*** GIVEN DATA Section Begins ***
theorem mainTheorem13:
  fixes q0 \<alpha> \<beta> \<theta> :: real
    and q P s :: "real \<Rightarrow> real \<Rightarrow> complex"
  assumes q0_pos: "q0 > 0"
    and theta: "0 < \<theta>" "\<theta> < pi"
    and beta: "\<beta> \<noteq> 2 * q0 * cos \<theta>"
    and q_def: "q = (\<lambda>x t. of_real q0 * exp (\<i> * of_real (\<alpha> * t + \<beta> * x)) *
                  (of_real (cos \<theta>) + \<i> * of_real (sin \<theta>) *
                   of_real (tanh (q0 * sin \<theta> * (x - \<alpha> * t / (\<beta> - 2 * q0 * cos \<theta>))))))"
    and P_def: "P = (\<lambda>x t. q x t * q (- x) (- t))"
    and s_def: "s = (\<lambda>x t. integral {x..} (\<lambda>y. partial_t P y t) + of_real (\<alpha> * \<beta> / 2))"
  shows "(\<forall>x t. (\<lambda>y. partial_t P y t) integrable_on {x..})
    \<and> smooth2 q \<and> smooth2 s
    \<and> (\<forall>x t. partial_t (partial_x q) x t + 2 * s x t * q x t = 0)
    \<and> (\<forall>x t. partial_x s x t = - partial_t P x t)
    \<and> (\<forall>x t. s (- x) (- t) = s x t)
    \<and> (\<forall>t. ((\<lambda>x. s x t) \<longlongrightarrow> of_real (\<alpha> * \<beta> / 2)) at_infinity)
    \<and> (\<forall>t. ((\<lambda>x. q x t - of_real q0 * exp (\<i> * of_real (\<alpha> * t + \<beta> * x + \<theta>))) \<longlongrightarrow> 0) at_top)
    \<and> (\<forall>t. ((\<lambda>x. q x t - of_real q0 * exp (\<i> * of_real (\<alpha> * t + \<beta> * x - \<theta>))) \<longlongrightarrow> 0) at_bot)"
proof -
  interpret tanh_soliton q0 \<alpha> \<beta> \<theta>
    using q0_pos theta beta by unfold_locales (simp_all add: sin_gt_zero)
  have q: "q = soliton"
    unfolding q_def by (rule soliton_formula)
  have P: "P = density"
    unfolding P_def q by (intro ext) (rule tanh_wave_mult_reflect)
  have s: "s = potential"
    unfolding s_def P by (rule potential_formula)
  show ?thesis
    unfolding q P s
    using partial_t_density_has_integral soliton_equation partial_x_potential potential_reflect
      potential_tendsto soliton_tendsto_at_top soliton_tendsto_at_bot
    by (auto simp: smooth2_tanh_wave)
qed

end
*** GIVEN DATA Section Ends ***
* _WHAT YOU ARE ASKED TO DO_:
Take the entries and copy them out exactly.

* _TASK SOLUTION_:
theorem mainTheorem13:
  fixes q0 \<alpha> \<beta> \<theta> :: real
    and q P s :: "real \<Rightarrow> real \<Rightarrow> complex"
  assumes q0_pos: "q0 > 0"
    and theta: "0 < \<theta>" "\<theta> < pi"
    and beta: "\<beta> \<noteq> 2 * q0 * cos \<theta>"
    and q_def: "q = (\<lambda>x t. of_real q0 * exp (\<i> * of_real (\<alpha> * t + \<beta> * x)) *
                  (of_real (cos \<theta>) + \<i> * of_real (sin \<theta>) *
                   of_real (tanh (q0 * sin \<theta> * (x - \<alpha> * t / (\<beta> - 2 * q0 * cos \<theta>))))))"
    and P_def: "P = (\<lambda>x t. q x t * q (- x) (- t))"
    and s_def: "s = (\<lambda>x t. integral {x..} (\<lambda>y. partial_t P y t) + of_real (\<alpha> * \<beta> / 2))"
  shows "(\<forall>x t. (\<lambda>y. partial_t P y t) integrable_on {x..})
    \<and> smooth2 q \<and> smooth2 s
    \<and> (\<forall>x t. partial_t (partial_x q) x t + 2 * s x t * q x t = 0)
    \<and> (\<forall>x t. partial_x s x t = - partial_t P x t)
    \<and> (\<forall>x t. s (- x) (- t) = s x t)
    \<and> (\<forall>t. ((\<lambda>x. s x t) \<longlongrightarrow> of_real (\<alpha> * \<beta> / 2)) at_infinity)
    \<and> (\<forall>t. ((\<lambda>x. q x t - of_real q0 * exp (\<i> * of_real (\<alpha> * t + \<beta> * x + \<theta>))) \<longlongrightarrow> 0) at_top)
    \<and> (\<forall>t. ((\<lambda>x. q x t - of_real q0 * exp (\<i> * of_real (\<alpha> * t + \<beta> * x - \<theta>))) \<longlongrightarrow> 0) at_bot)"
proof -
  interpret tanh_soliton q0 \<alpha> \<beta> \<theta>
    using q0_pos theta beta by unfold_locales (simp_all add: sin_gt_zero)
  have q: "q = soliton"
    unfolding q_def by (rule soliton_formula)
  have P: "P = density"
    unfolding P_def q by (intro ext) (rule tanh_wave_mult_reflect)
  have s: "s = potential"
    unfolding s_def P by (rule potential_formula)
  show ?thesis
    unfolding q P s
    using partial_t_density_has_integral soliton_equation partial_x_potential potential_reflect
      potential_tendsto soliton_tendsto_at_top soliton_tendsto_at_bot
    by (auto simp: smooth2_tanh_wave)
qed

end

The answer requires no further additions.